text \<open>Filippov solution on [0,inf) of x' = g t x: y is absolutely continuous
  on every [0,T] (written as integral of an absolutely integrable v) and
  v t \<in> Filippov set at y t for almost every t \<ge> 0.\<close>
definition filippov_solution ::
  "(real \<Rightarrow> 'a::euclidean_space \<Rightarrow> 'a) \<Rightarrow> (real \<Rightarrow> 'a) \<Rightarrow> bool" where
  "filippov_solution g y \<longleftrightarrow>
     (\<exists>v. (\<forall>T\<ge>0. v absolutely_integrable_on {0..T} \<and> (v has_integral (y T - y 0)) {0..T}) \<and>
          (AE t in lebesgue. t \<ge> 0 \<longrightarrow> v t \<in> filippov_set (g t) (y t)))"

definition std_rhs :: "real \<Rightarrow> real \<Rightarrow> real \<Rightarrow> (real \<Rightarrow> real) \<Rightarrow> real \<Rightarrow> real \<times> real \<Rightarrow> real \<times> real" where
  "std_rhs l1 l2 L u t z =
     (l1 * sqrt L * sgnpow (u t - fst z) (1/2) + snd z,
      l2 * L * sgnpow (u t - fst z) 0)"

end

theory Submission
  imports Defs
begin

text \<open>
  The differentiator is driven along its sliding surface y1 = u. Take f'' = -L s, where s
  switches between +1, -1, +1 and 0 at times tau < t1 < t2 < t3, and y2 = -l2 f'; then the
  estimation error y2 - f' = -(l2 + 1) f' grows linearly up to (l2 + 1) L h at t1 = tau + h.
  Sliding requires the noise eta = u - f = -N - (l2 + 1) f, which stays in [-N, N] up to t1
  as long as (l2 + 1) L h^2 <= 4 N; equality gives the error 2 sqrt ((l2 + 1) N L).
  Afterwards eta would leave the band, so on (t1, te] the input is put q0^2 below y1: y2 keeps
  decreasing at rate l2 L while y1 leaves the surface with drift -l1 sqrt L q0. The remaining
  parameters q0, te, t2, t3 are chosen, separately for l1^2 <= 2 (l2 + 1) and
  l1^2 >= 2 (l2 + 1), such that |eta| <= N holds at all times.
\<close>

section \<open>Filippov sets of the super-twisting vector field\<close>

lemma continuous_limit_in_filippov_set:
  fixes g h :: "'a::euclidean_space \<Rightarrow> 'a"
  assumes "isCont h x" "open H" "x \<in> closure H" "\<And>z. z \<in> H \<Longrightarrow> g z = h z"
  shows "h x \<in> filippov_set g x"
  unfolding filippov_set_def
proof (intro INT_I)
  fix \<delta> :: real and M :: "'a set" assume "\<delta> \<in> {0<..}" and "M \<in> null_sets lebesgue"
  have "h x \<in> closure (g ` (ball x \<delta> - M))"
    unfolding closure_approachable
  proof (intro allI impI)
    fix e :: real assume "e > 0"
    then obtain r where "r > 0" and r: "\<And>z. dist z x < r \<Longrightarrow> dist (h z) (h x) < e"
      using \<open>isCont h x\<close> unfolding continuous_at_eps_delta by blast
    define U where "U = ball x (min r \<delta>) \<inter> H"
    have "min r \<delta> > 0"
      using \<open>r > 0\<close> \<open>\<delta> \<in> {0<..}\<close> by simp
    then obtain z0 where "z0 \<in> H" "dist z0 x < min r \<delta>"
      using \<open>x \<in> closure H\<close> unfolding closure_approachable by blast
    then have "U \<noteq> {}"
      unfolding U_def by (auto simp: dist_commute)
    moreover have "open U"
      unfolding U_def using \<open>open H\<close> by (intro open_Int open_ball)
    \<comment> \<open>A nonempty open set is not negligible, so it is not covered by M.\<close>
    ultimately have "\<not> negligible U"
      by (rule open_not_negligible[rotated])
    moreover have "negligible M"
      using \<open>M \<in> null_sets lebesgue\<close> by (simp add: negligible_iff_null_sets)
    ultimately have "\<not> U \<subseteq> M"
      using negligible_subset by metis
    then obtain z where z: "z \<in> U" "z \<notin> M"
      by blast
    then have "z \<in> H" "dist z x < r" "z \<in> ball x \<delta> - M"
      unfolding U_def by (auto simp: dist_commute)
    then have "g z \<in> g ` (ball x \<delta> - M)" and "dist (g z) (h x) < e"
      using assms(4)[of z] r[of z] by (blast, simp)
    then show "\<exists>w\<in>g ` (ball x \<delta> - M). dist w (h x) < e" by blast
  qed
  also have "\<dots> \<subseteq> closure (convex hull (g ` (ball x \<delta> - M)))"
    by (intro closure_mono hull_subset)
  finally show "h x \<in> closure (convex hull (g ` (ball x \<delta> - M)))" .
qed

lemma convex_filippov_set: "convex (filippov_set g x)"
  unfolding filippov_set_def
  by (intro convex_INT ballI convex_closure convex_convex_hull)

lemma sgnpow_pos: "z > 0 \<Longrightarrow> sgnpow z (1/2) = sqrt z" "z > 0 \<Longrightarrow> sgnpow z 0 = 1"
  by (auto simp: sgnpow_def powr_half_sqrt)

lemma sgnpow_neg: "z < 0 \<Longrightarrow> sgnpow z (1/2) = - sqrt (-z)" "z < 0 \<Longrightarrow> sgnpow z 0 = -1"
  by (auto simp: sgnpow_def powr_half_sqrt)

definition sta_field :: "real \<Rightarrow> real \<Rightarrow> real \<Rightarrow> real \<times> real \<Rightarrow> real \<times> real" where
  "sta_field a b w z = (a * sgnpow (w - fst z) (1/2) + snd z, b * sgnpow (w - fst z) 0)"

lemma std_rhs_eq_sta_field: "std_rhs l1 l2 L u t = sta_field (l1 * sqrt L) (l2 * L) (u t)"
  by (simp add: std_rhs_def sta_field_def fun_eq_iff)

—————

Nothing but the lines from the beginning of the records through the line with "(AE t in lebesgue." should appear, each printed exactly.

» WRITTEN SOLUTION:
text \<open>Filippov solution on [0,inf) of x' = g t x: y is absolutely continuous
  on every [0,T] (written as integral of an absolutely integrable v) and
  v t \<in> Filippov set at y t for almost every t \<ge> 0.\<close>
definition filippov_solution ::
  "(real \<Rightarrow> 'a::euclidean_space \<Rightarrow> 'a) \<Rightarrow> (real \<Rightarrow> 'a) \<Rightarrow> bool" where
  "filippov_solution g y \<longleftrightarrow>
     (\<exists>v. (\<forall>T\<ge>0. v absolutely_integrable_on {0..T} \<and> (v has_integral (y T - y 0)) {0..T}) \<and>
          (AE t in lebesgue. t \<ge> 0 \<longrightarrow> v t \<in> filippov_set (g t) (y t)))"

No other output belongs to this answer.